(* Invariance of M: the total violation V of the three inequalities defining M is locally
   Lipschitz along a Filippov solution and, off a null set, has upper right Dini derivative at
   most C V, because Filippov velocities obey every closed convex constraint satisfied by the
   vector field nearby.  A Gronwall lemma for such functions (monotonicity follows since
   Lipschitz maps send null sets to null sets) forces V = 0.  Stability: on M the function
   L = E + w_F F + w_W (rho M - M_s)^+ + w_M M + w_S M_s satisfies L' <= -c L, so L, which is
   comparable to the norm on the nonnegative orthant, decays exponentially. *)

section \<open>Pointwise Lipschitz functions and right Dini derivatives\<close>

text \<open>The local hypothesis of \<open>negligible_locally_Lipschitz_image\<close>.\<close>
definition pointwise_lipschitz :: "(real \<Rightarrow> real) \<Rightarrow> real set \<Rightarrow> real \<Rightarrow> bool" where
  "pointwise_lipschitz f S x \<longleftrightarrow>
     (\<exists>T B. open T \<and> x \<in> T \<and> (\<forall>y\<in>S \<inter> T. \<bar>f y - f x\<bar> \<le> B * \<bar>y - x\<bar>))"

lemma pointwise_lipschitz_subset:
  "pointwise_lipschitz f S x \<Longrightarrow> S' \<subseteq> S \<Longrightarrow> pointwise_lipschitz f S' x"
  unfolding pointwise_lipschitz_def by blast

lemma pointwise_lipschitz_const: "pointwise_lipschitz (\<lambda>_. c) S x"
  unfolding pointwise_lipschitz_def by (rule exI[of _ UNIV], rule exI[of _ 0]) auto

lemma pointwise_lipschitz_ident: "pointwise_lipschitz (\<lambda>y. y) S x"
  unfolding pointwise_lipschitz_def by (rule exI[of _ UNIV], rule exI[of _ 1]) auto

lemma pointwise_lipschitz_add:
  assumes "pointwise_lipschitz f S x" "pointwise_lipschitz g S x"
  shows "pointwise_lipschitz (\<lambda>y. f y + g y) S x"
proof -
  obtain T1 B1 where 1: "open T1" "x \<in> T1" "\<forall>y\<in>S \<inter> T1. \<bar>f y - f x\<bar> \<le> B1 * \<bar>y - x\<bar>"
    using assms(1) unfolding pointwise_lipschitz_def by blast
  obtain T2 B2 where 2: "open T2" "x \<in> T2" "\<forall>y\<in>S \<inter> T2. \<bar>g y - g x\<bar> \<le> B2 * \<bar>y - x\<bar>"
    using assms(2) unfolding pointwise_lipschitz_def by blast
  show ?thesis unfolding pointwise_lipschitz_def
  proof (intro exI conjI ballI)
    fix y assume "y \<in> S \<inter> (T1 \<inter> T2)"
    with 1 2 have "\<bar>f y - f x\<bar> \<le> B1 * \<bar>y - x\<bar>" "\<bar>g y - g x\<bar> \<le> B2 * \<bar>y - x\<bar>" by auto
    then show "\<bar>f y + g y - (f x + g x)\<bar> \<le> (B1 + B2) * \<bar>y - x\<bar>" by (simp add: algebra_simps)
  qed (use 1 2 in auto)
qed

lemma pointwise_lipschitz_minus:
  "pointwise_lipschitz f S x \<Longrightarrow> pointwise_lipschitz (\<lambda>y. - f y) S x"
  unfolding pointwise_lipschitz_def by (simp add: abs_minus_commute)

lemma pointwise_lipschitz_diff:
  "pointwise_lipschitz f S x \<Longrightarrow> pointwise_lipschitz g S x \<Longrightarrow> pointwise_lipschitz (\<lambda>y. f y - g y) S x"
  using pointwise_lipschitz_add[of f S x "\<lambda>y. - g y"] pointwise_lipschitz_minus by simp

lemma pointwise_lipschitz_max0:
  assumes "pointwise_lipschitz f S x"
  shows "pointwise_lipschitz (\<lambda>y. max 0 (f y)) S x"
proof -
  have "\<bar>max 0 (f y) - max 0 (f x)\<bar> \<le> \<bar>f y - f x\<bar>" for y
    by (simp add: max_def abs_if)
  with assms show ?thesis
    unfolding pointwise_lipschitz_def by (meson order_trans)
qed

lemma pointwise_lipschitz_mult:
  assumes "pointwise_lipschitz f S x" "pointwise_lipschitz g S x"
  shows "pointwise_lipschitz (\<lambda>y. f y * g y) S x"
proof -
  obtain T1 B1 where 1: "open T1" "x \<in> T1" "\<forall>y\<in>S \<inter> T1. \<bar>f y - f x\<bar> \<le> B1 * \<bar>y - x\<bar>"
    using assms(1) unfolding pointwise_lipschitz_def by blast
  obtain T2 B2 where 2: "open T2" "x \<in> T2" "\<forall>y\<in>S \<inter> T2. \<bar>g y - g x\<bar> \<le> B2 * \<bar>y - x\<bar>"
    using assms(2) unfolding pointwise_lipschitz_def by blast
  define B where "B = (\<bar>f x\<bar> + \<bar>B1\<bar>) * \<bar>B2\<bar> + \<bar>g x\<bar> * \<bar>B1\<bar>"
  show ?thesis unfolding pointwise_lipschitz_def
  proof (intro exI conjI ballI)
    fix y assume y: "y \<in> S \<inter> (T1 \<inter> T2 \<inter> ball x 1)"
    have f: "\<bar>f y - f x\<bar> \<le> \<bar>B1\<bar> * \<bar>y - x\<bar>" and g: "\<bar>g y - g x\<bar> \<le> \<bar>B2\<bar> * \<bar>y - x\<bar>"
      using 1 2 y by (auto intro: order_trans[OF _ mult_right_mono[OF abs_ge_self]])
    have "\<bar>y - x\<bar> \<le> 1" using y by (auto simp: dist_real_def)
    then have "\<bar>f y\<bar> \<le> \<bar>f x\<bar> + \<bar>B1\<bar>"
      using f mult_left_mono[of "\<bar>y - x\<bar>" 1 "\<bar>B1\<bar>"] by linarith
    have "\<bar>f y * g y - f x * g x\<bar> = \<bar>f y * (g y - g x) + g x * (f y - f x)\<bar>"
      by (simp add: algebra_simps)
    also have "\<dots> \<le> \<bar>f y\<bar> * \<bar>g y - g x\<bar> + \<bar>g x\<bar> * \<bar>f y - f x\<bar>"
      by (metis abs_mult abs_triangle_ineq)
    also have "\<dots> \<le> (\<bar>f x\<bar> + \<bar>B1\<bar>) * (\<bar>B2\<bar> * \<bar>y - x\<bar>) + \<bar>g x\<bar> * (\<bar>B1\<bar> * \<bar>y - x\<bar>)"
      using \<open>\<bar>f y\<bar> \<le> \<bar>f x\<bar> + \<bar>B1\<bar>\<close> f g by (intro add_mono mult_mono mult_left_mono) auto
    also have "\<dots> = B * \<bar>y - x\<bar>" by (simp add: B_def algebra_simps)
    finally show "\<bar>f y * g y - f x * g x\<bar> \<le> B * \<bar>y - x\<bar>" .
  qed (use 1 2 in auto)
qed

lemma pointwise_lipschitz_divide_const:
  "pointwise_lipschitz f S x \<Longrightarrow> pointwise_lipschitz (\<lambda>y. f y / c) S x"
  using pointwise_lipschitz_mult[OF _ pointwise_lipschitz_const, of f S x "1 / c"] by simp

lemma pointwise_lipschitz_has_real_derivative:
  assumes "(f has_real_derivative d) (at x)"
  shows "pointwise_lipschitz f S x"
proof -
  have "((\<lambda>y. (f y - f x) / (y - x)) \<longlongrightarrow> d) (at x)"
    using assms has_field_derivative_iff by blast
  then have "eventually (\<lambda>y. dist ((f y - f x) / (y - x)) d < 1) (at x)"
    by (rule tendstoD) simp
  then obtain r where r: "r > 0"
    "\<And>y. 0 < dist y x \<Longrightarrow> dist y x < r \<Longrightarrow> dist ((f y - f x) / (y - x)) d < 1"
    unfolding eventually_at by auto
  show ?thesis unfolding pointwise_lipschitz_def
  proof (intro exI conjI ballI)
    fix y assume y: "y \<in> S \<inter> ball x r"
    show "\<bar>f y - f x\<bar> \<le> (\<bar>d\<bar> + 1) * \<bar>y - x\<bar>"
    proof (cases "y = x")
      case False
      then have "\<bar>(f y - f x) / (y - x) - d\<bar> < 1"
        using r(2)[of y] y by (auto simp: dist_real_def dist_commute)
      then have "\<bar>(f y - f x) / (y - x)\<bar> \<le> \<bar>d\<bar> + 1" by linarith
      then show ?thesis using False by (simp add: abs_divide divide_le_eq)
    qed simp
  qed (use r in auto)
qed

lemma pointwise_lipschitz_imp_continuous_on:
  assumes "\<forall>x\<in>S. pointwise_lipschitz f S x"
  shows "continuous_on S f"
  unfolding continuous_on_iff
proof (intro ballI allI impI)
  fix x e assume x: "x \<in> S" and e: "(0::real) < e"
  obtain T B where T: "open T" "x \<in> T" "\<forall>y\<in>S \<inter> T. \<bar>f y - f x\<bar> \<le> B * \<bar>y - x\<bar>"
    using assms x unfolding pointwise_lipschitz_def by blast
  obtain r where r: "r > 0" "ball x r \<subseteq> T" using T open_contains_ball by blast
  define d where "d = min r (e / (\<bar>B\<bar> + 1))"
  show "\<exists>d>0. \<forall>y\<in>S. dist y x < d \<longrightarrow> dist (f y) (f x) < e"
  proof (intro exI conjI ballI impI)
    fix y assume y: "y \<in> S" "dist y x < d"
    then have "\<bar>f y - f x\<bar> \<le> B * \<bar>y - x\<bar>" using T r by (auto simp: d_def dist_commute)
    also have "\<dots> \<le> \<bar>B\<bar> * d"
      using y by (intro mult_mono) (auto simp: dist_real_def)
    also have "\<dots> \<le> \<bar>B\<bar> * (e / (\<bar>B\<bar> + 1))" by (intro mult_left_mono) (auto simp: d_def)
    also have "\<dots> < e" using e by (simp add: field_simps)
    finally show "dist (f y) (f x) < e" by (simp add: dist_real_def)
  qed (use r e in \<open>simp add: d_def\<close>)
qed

_____

EXERCISE BRIEF: Return one number, the count of lines in the records holding the word "Dini".

WRITTEN REPLY: 2